Limitations of Prior Work: These methods suffer from two major flaws. First, they are computationally expensive—relying on massive repeated sampling and directionless state exploration. Second and more fundamentally, they treat the LLM as a black box, merely increasing trial-and-error attempts without investigating the internal reasoning mechanisms or why failures occur, thus offering little insight into the reasoning process itself.

Key Challenge: The authors question a counter-intuitive phenomenon—why can resampling just one sentence in the middle of a reasoning chain flip the final answer from right to wrong or vice-versa? This suggests structured underlying mechanisms rather than pure noise. Answering this requires shifting from "sampling outside the black box" to "examining internal state transitions."

Goal: (1) Characterize how single-step substitutions influence global outcomes and identify transition patterns that determine reliability; (2) Design a lightweight, interpretable, and targeted intervention to pull the model back from failure modes.

Key Insight: The authors utilize the Math-Rollout dataset, where each reasoning step includes 100 random rollouts with success/failure labels. Each step is categorized into 8 "functional roles" (Problem Setup, Plan Generation, Fact Retrieval, Active Computation, Result Consolidation, Uncertainty Management, Self Checking, Final Answer Emission).
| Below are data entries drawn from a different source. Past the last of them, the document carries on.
lemma ridge_cramer_normal_eq:
  assumes "lam > 0" "j < p"
  shows "(\<Sum>k<p. gram n X j k * ridge_cramer n p X y lam k) + lam * ridge_cramer n p X y lam j
    = normal_rhs n X y j"
proof -
  let ?A = "ridge_mat n p X lam" and ?r = "Matrix.vec p (normal_rhs n X y)"
  define x where "x = (1 / det ?A) \<cdot>\<^sub>v (adj_mat ?A *\<^sub>v ?r)"
  have d: "det ?A \<noteq> 0"
    using det_ridge_mat_nonzero[OF assms(1)] .
  have x: "x \<in> carrier_vec p"
    using adj_mat(1)[OF ridge_mat_carrier[of n p X lam]] unfolding x_def by simp
  have Ax: "?A *\<^sub>v x = ?r"
    unfolding x_def by (rule mult_vec_adj_mat_solution) (simp_all add: d)
  have xk: "x $ k = ridge_cramer n p X y lam k" if "k < p" for k
  proof -
    have "x $ k = det (replace_col ?A (?A *\<^sub>v x) k) / det ?A"
      by (rule cramer_rule[OF ridge_mat_carrier d x that])
    then show ?thesis
      using that unfolding Ax ridge_cramer_def by simp
  qed
  have "(?A *\<^sub>v x) $ j = (\<Sum>k<p. gram n X j k * x $ k) + lam * x $ j"
    by (rule index_ridge_mat_mult_vec[OF x assms(2)])
  then show ?thesis
    using Ax assms(2) xk by simp
qed

lemma residual_cross_sum:
  fixes y b h :: "nat \<Rightarrow> real"
  shows "(\<Sum>i<n. (y i - (\<Sum>j<p. X i j * b j)) * (\<Sum>j<p. X i j * h j))
   = (\<Sum>j<p. h j * ((\<Sum>i<n. X i j * y i) - (\<Sum>k<p. (\<Sum>i<n. X i j * X i k) * b k)))"
proof -
  have "(\<Sum>i<n. (y i - (\<Sum>j<p. X i j * b j)) * (\<Sum>j<p. X i j * h j))
      = (\<Sum>i<n. \<Sum>j<p. h j * (X i j * y i) - h j * (\<Sum>k<p. X i j * X i k * b k))"
  proof (rule sum.cong[OF refl])
    fix i
    have "(y i - (\<Sum>j<p. X i j * b j)) * (\<Sum>j<p. X i j * h j)
        = (\<Sum>j<p. h j * X i j * (y i - (\<Sum>k<p. X i k * b k)))"
      unfolding sum_distrib_left by (rule sum.cong[OF refl]) (simp add: algebra_simps)
    then show "(y i - (\<Sum>j<p. X i j * b j)) * (\<Sum>j<p. X i j * h j)
        = (\<Sum>j<p. h j * (X i j * y i) - h j * (\<Sum>k<p. X i j * X i k * b k))"
      by (simp add: right_diff_distrib sum_distrib_left algebra_simps)
  qed
  also have "\<dots> = (\<Sum>j<p. \<Sum>i<n. h j * (X i j * y i) - h j * (\<Sum>k<p. X i j * X i k * b k))"
    by (rule sum.swap)
  also have "\<dots> = (\<Sum>j<p. h j * ((\<Sum>i<n. X i j * y i) - (\<Sum>i<n. \<Sum>k<p. X i j * X i k * b k)))"
    by (simp add: sum_subtractf sum_distrib_left right_diff_distrib)
  also have "\<dots> = (\<Sum>j<p. h j * ((\<Sum>i<n. X i j * y i) - (\<Sum>k<p. (\<Sum>i<n. X i j * X i k) * b k)))"
    by (simp add: sum.swap[of _ "{..<n}"] sum_distrib_right)
  finally show ?thesis .
qed

lemma ridge_obj_add:
  assumes "n > 0"
  shows "ridge_obj n p X y lam (\<lambda>j. b j + h j) = ridge_obj n p X y lam b
     + (\<Sum>j<p. h j * ((\<Sum>k<p. gram n X j k * b k) + lam * b j - normal_rhs n X y j))
     + ridge_obj n p X (\<lambda>_. 0) lam h"
proof -
  define r where "r i = y i - (\<Sum>j<p. X i j * b j)" for i
  define q where "q i = (\<Sum>j<p. X i j * h j)" for i
  have fit: "(\<Sum>i<n. (y i - (\<Sum>j<p. X i j * (b j + h j)))\<^sup>2)
      = (\<Sum>i<n. (r i)\<^sup>2) - 2 * (\<Sum>i<n. r i * q i) + (\<Sum>i<n. (0 - q i)\<^sup>2)"
    by (simp add: r_def q_def distrib_left sum.distrib power2_eq_square algebra_simps
        sum_subtractf sum_distrib_left)
  have cross: "(\<Sum>i<n. r i * q i) = real n * (\<Sum>j<p. h j * (normal_rhs n X y j - (\<Sum>k<p. gram n X j k * b k)))"
    using assms unfolding r_def q_def residual_cross_sum
    by (simp add: gram_def normal_rhs_def sum_distrib_left sum_divide_distrib right_diff_distrib algebra_simps)
  have penalty: "(\<Sum>j<p. (b j + h j)\<^sup>2) = (\<Sum>j<p. (b j)\<^sup>2) + 2 * (\<Sum>j<p. h j * b j) + (\<Sum>j<p. (h j)\<^sup>2)"
    by (simp add: power2_eq_square sum.distrib sum_distrib_left algebra_simps)
  show ?thesis
    using assms unfolding ridge_obj_def fit cross penalty r_def[symmetric] q_def[symmetric]
    by (simp add: field_simps sum_subtractf sum.distrib sum_distrib_left)
qed

lemma ridge_obj_nonneg: "0 \<le> lam \<Longrightarrow> 0 \<le> ridge_obj n p X y lam b"
  unfolding ridge_obj_def by (intro add_nonneg_nonneg divide_nonneg_nonneg mult_nonneg_nonneg sum_nonneg) auto

lemma ridge_obj_stationary:
  assumes "n > 0"
    and "\<And>j. j < p \<Longrightarrow> (\<Sum>k<p. gram n X j k * b k) + lam * b j = normal_rhs n X y j"
  shows "ridge_obj n p X y lam b' = ridge_obj n p X y lam b + ridge_obj n p X (\<lambda>_. 0) lam (\<lambda>j. b' j - b j)"
proof -
  have "ridge_obj n p X y lam b' = ridge_obj n p X y lam (\<lambda>j. b j + (b' j - b j))"
    by simp
  also have "\<dots> = ridge_obj n p X y lam b
     + (\<Sum>j<p. (b' j - b j) * ((\<Sum>k<p. gram n X j k * b k) + lam * b j - normal_rhs n X y j))
     + ridge_obj n p X (\<lambda>_. 0) lam (\<lambda>j. b' j - b j)"
    by (rule ridge_obj_add[OF assms(1)])
  also have "(\<Sum>j<p. (b' j - b j) * ((\<Sum>k<p. gram n X j k * b k) + lam * b j - normal_rhs n X y j)) = 0"
    using assms(2) by (intro sum.neutral) simp
  finally show ?thesis
    by simp
qed

lemma ridge_obj_zero_rhs_nonpos_imp_zero:
  assumes "lam > 0" "ridge_obj n p X (\<lambda>_. 0) lam h \<le> 0" "j < p"
  shows "h j = 0"
proof -
  have "0 \<le> (\<Sum>i<n. (0 - (\<Sum>j<p. X i j * h j))\<^sup>2) / (2 * real n)"
    by (intro divide_nonneg_nonneg sum_nonneg) auto
  then have "lam / 2 * (\<Sum>j<p. (h j)\<^sup>2) \<le> 0"
    using assms(2) unfolding ridge_obj_def by linarith
  then have "(\<Sum>j<p. (h j)\<^sup>2) = 0"
    using assms(1) by (simp add: mult_le_0_iff antisym sum_nonneg)
  then show "h j = 0"
    using assms(3) by (subst (asm) sum_nonneg_eq_0_iff) auto
qed

lemma ridge_eq_ridge_cramer:
  assumes "n > 0" "lam > 0"
  shows "ridge n p X y lam = ridge_cramer n p X y lam"
  unfolding ridge_def
proof (rule the_equality)
  let ?b = "ridge_cramer n p X y lam"
  have expand: "ridge_obj n p X y lam b'
      = ridge_obj n p X y lam ?b + ridge_obj n p X (\<lambda>_. 0) lam (\<lambda>j. b' j - ?b j)" for b'
    by (rule ridge_obj_stationary[OF assms(1) ridge_cramer_normal_eq[OF assms(2)]])
  have min: "ridge_obj n p X y lam ?b \<le> ridge_obj n p X y lam b'" for b'
    using expand[of b'] ridge_obj_nonneg[of lam n p X "\<lambda>_. 0" "\<lambda>j. b' j - ?b j"] assms(2) by linarith
  have supp: "\<forall>j\<ge>p. ?b j = 0"
    by (simp add: ridge_cramer_def)
  show "(\<forall>j\<ge>p. ?b j = 0) \<and> (\<forall>b'. (\<forall>j\<ge>p. b' j = 0) \<longrightarrow> ridge_obj n p X y lam ?b \<le> ridge_obj n p X y lam b')"
    using supp min by blast
  fix b
  assume b: "(\<forall>j\<ge>p. b j = 0) \<and> (\<forall>b'. (\<forall>j\<ge>p. b' j = 0) \<longrightarrow> ridge_obj n p X y lam b \<le> ridge_obj n p X y lam b')"
  then have "ridge_obj n p X y lam b \<le> ridge_obj n p X y lam ?b"
    using supp by blast
  then have Q: "ridge_obj n p X (\<lambda>_. 0) lam (\<lambda>j. b j - ?b j) \<le> 0"
    using expand[of b] by linarith
  have "b j - ?b j = 0" if "j < p" for j
    by (rule ridge_obj_zero_rhs_nonpos_imp_zero[OF assms(2) Q that])
  with b supp show "b = ?b"
    by (metis eq_iff_diff_eq_0 not_le ext)
qed

lemma ridge_obj_ridge_le:
  assumes "n > 0" "lam > 0"
  shows "ridge_obj n p X y lam (ridge n p X y lam) \<le> ridge_obj n p X y lam b"
  using ridge_obj_stationary[OF assms(1) ridge_cramer_normal_eq[OF assms(2)], where b'=b]
    ridge_obj_nonneg[of lam n p X "\<lambda>_. 0"] assms
  unfolding ridge_eq_ridge_cramer[OF assms] by (metis le_add_same_cancel1 less_imp_le)

lemma ridge_obj_change_lambda:
  "ridge_obj n p X y lam' b = ridge_obj n p X y lam b + (lam' - lam) / 2 * (\<Sum>j<p. (b j)\<^sup>2)"
  unfolding ridge_obj_def by (simp add: field_simps)

lemma ridge_norm_le:
  assumes "n > 0" "lam > 0"
  shows "(\<Sum>j<p. (ridge n p X y lam j)\<^sup>2) \<le> (\<Sum>i<n. (y i)\<^sup>2) / (real n * lam)"
proof -
  let ?b = "ridge n p X y lam"
  have "ridge_obj n p X y lam ?b \<le> ridge_obj n p X y lam (\<lambda>_. 0)"
    by (rule ridge_obj_ridge_le[OF assms])
  moreover have "ridge_obj n p X y lam (\<lambda>_. 0) = (\<Sum>i<n. (y i)\<^sup>2) / (2 * real n)"
    by (simp add: ridge_obj_def)
  moreover have "0 \<le> (\<Sum>i<n. (y i - (\<Sum>j<p. X i j * ?b j))\<^sup>2) / (2 * real n)"
    by (intro divide_nonneg_nonneg sum_nonneg) auto
  ultimately have "lam / 2 * (\<Sum>j<p. (?b j)\<^sup>2) \<le> (\<Sum>i<n. (y i)\<^sup>2) / (2 * real n)"
    unfolding ridge_obj_def by linarith
  then show ?thesis
    using assms by (simp add: field_simps)
qed

lemma ridge_obj_ridge_lipschitz:
  assumes "n > 0" "0 < lmin" "lmin \<le> lam" "lmin \<le> lam'"
  shows "ridge_obj n p X y lam' (ridge n p X y lam)
    \<le> ridge_obj n p X y lam' (ridge n p X y lam') + (\<Sum>i<n. (y i)\<^sup>2) / (2 * real n * lmin) * \<bar>lam - lam'\<bar>"
proof -
  let ?A = "\<Sum>j<p. (ridge n p X y lam j)\<^sup>2" and ?B = "\<Sum>j<p. (ridge n p X y lam' j)\<^sup>2"
  let ?R = "(\<Sum>i<n. (y i)\<^sup>2) / (real n * lmin)"
  have norm_le: "(\<Sum>j<p. (ridge n p X y l j)\<^sup>2) \<le> ?R" if "lmin \<le> l" for l
  proof -
    have "(\<Sum>j<p. (ridge n p X y l j)\<^sup>2) \<le> (\<Sum>i<n. (y i)\<^sup>2) / (real n * l)"
      using ridge_norm_le[OF assms(1)] assms(2) that by simp
    also have "\<dots> \<le> ?R"
      using assms(1,2) that by (intro divide_left_mono mult_left_mono mult_pos_pos sum_nonneg) auto
    finally show ?thesis .
  qed
  have "0 \<le> ?A" "0 \<le> ?B"
    by (simp_all add: sum_nonneg)
  then have "\<bar>?A - ?B\<bar> \<le> ?R"
    using norm_le[OF assms(3)] norm_le[OF assms(4)] unfolding abs_le_iff by linarith
  have "(lam' - lam) * (?A - ?B) \<le> \<bar>lam - lam'\<bar> * \<bar>?A - ?B\<bar>"
    by (metis abs_ge_self abs_minus_commute abs_mult)
  also have "\<dots> \<le> \<bar>lam - lam'\<bar> * ?R"
    using \<open>\<bar>?A - ?B\<bar> \<le> ?R\<close> by (rule mult_left_mono) simp
  finally have gap: "(lam' - lam) / 2 * (?A - ?B) \<le> ?R / 2 * \<bar>lam - lam'\<bar>"
    by (simp add: mult.commute)
  have "ridge_obj n p X y lam' (ridge n p X y lam) = ridge_obj n p X y lam (ridge n p X y lam) + (lam' - lam) / 2 * ?A"
    by (rule ridge_obj_change_lambda)
  also have "\<dots> \<le> ridge_obj n p X y lam (ridge n p X y lam') + (lam' - lam) / 2 * ?A"
    using ridge_obj_ridge_le[OF assms(1)] assms(2,3) by simp
  also have "\<dots> = ridge_obj n p X y lam' (ridge n p X y lam') + (lam' - lam) / 2 * (?A - ?B)"
    unfolding ridge_obj_change_lambda[of n p X y lam "ridge n p X y lam'" lam'] by (simp add: field_simps)
  also have "\<dots> \<le> ridge_obj n p X y lam' (ridge n p X y lam') + ?R / 2 * \<bar>lam - lam'\<bar>"
    using gap by simp
  finally show ?thesis
    by simp
qed

lemma costC_what_eq_ridge_obj:
  "costC n p X z \<sigma> \<beta> lam' (what n p X z \<sigma> \<beta> lam)
   = ridge_obj n p X (resp p X \<beta> \<sigma> z) lam' (ridge n p X (resp p X \<beta> \<sigma> z) lam)"
proof -
  let ?b = "ridge n p X (resp p X \<beta> \<sigma> z) lam"
  have square_flip: "(a - b - c)\<^sup>2 = (b + c - a)\<^sup>2" for a b c :: real
    by (simp add: power2_eq_square algebra_simps)
  have "((\<Sum>j<p. X i j * (?b j - \<beta> j)) - \<sigma> * z i)\<^sup>2 = (resp p X \<beta> \<sigma> z i - (\<Sum>j<p. X i j * ?b j))\<^sup>2" for i
    by (simp add: resp_def right_diff_distrib sum_subtractf square_flip)
  then show ?thesis
    by (simp add: costC_def ridge_obj_def what_def)
qed

lemma det_eq_sum_permutations:
  assumes "A \<in> carrier_mat m m"
  shows "det A = (\<Sum>\<pi> | \<pi> permutes {0..<m}. of_int (sign \<pi>) * (\<Prod>i = 0..<m. A $$ (i, \<pi> i)))"
  using assms unfolding Determinant.det_def by auto

lemma borel_measurable_det:
  fixes A :: "'a \<Rightarrow> real mat"
  assumes "\<And>\<omega>. A \<omega> \<in> carrier_mat m m"
    and "\<And>i k. i < m \<Longrightarrow> k < m \<Longrightarrow> (\<lambda>\<omega>. A \<omega> $$ (i, k)) \<in> borel_measurable M"
  shows "(\<lambda>\<omega>. det (A \<omega>)) \<in> borel_measurable M"
  unfolding det_eq_sum_permutations[OF assms(1)]
  by (intro borel_measurable_sum borel_measurable_times borel_measurable_const borel_measurable_prod
      assms(2)) (auto dest: permutes_in_image)

lemma continuous_on_det:
  fixes A :: "'a::topological_space \<Rightarrow> real mat"
  assumes "\<And>x. A x \<in> carrier_mat m m"
    and "\<And>i k. i < m \<Longrightarrow> k < m \<Longrightarrow> continuous_on S (\<lambda>x. A x $$ (i, k))"
  shows "continuous_on S (\<lambda>x. det (A x))"
  unfolding det_eq_sum_permutations[OF assms(1)]
  by (intro continuous_intros assms(2)) (auto dest: permutes_in_image)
This "functional ruler" maps raw text to functional state sequences, allowing statistical analysis of transitions strongly correlated with failure.

Core Idea: Reasoning failure is diagnosed as specific pathological functional transitions ("Reasoning Drift"). Activation steering is then used to apply a small correction vector to activations in real-time when these transitions are about to occur, pushing the model back to healthy transitions—guiding precise intervention with mechanistic diagnosis rather than blind sampling.

Method

Overall Architecture

The work follows a two-stage "Diagnosis-then-Intervention" paradigm. The diagnosis phase (Section 2) quantifies the impact of resampling on the Math-Rollout dataset, revealing a "funnel effect" where reasoning is highly plastic early on but solidifies quickly. It attributes failures to specific pathological state transitions via a functional transition matrix, distinguishing between Llama’s "Inertial Drift" and Qwen’s "Chaotic Drift." The intervention phase (Section 3, RAAS) utilizes an offline library of up to \(9 \times 8 = 72\) steering vectors and functional prototypes. During inference, a "Drift Score" is calculated per token to determine if it is sliding toward a pathological state, and steering vectors are weighted and aggregated to correct activations in real-time.

%%{init: {'flowchart': {'rankSpacing': 24, 'nodeSpacing': 28, 'padding': 6, 'wrappingWidth': 400}}}%%
flowchart TD
    A["Math-Rollout Trajectories<br/>(Success/Failure + Functional Labels)"] --> B["Funnel Effect & Drift Diagnosis<br/>Functional Transition Matrix → Pathological Transitions"]
    B --> C["Contrastive Vector Library<br/>(S+,S-) Triplets → 72 vectors vi→j"]
    C --> D["Functional Prototypes<br/>Pathological/Healthy Activation Means"]
    D --> E["Real-time Drift Score<br/>token proximity to prototypes"]
    E --> F["Adaptive Steering<br/>Score-weighted aggregation vcorrection"]
    F -->|Per-token activation addition| G["Corrected Reasoning Output"]

Key Designs

1. Funnel Effect and Reasoning Drift Diagnosis: Quantifying failures into locatable transitions.

This serves as the foundation. The authors define the Outcome Polarity Flip Rate—the probability that a rollout’s final outcome differs from the original path. Segmenting the reasoning process into early, middle, and late stages, they find that while \(93\%\) of rollouts introduce textual changes, the flip rate is highest in the early stage (\(>47\%\) for both models) and decreases significantly later. This "funnel effect" indicates that the first few steps are extremely plastic and decisive, while later paths become rigid and deterministic.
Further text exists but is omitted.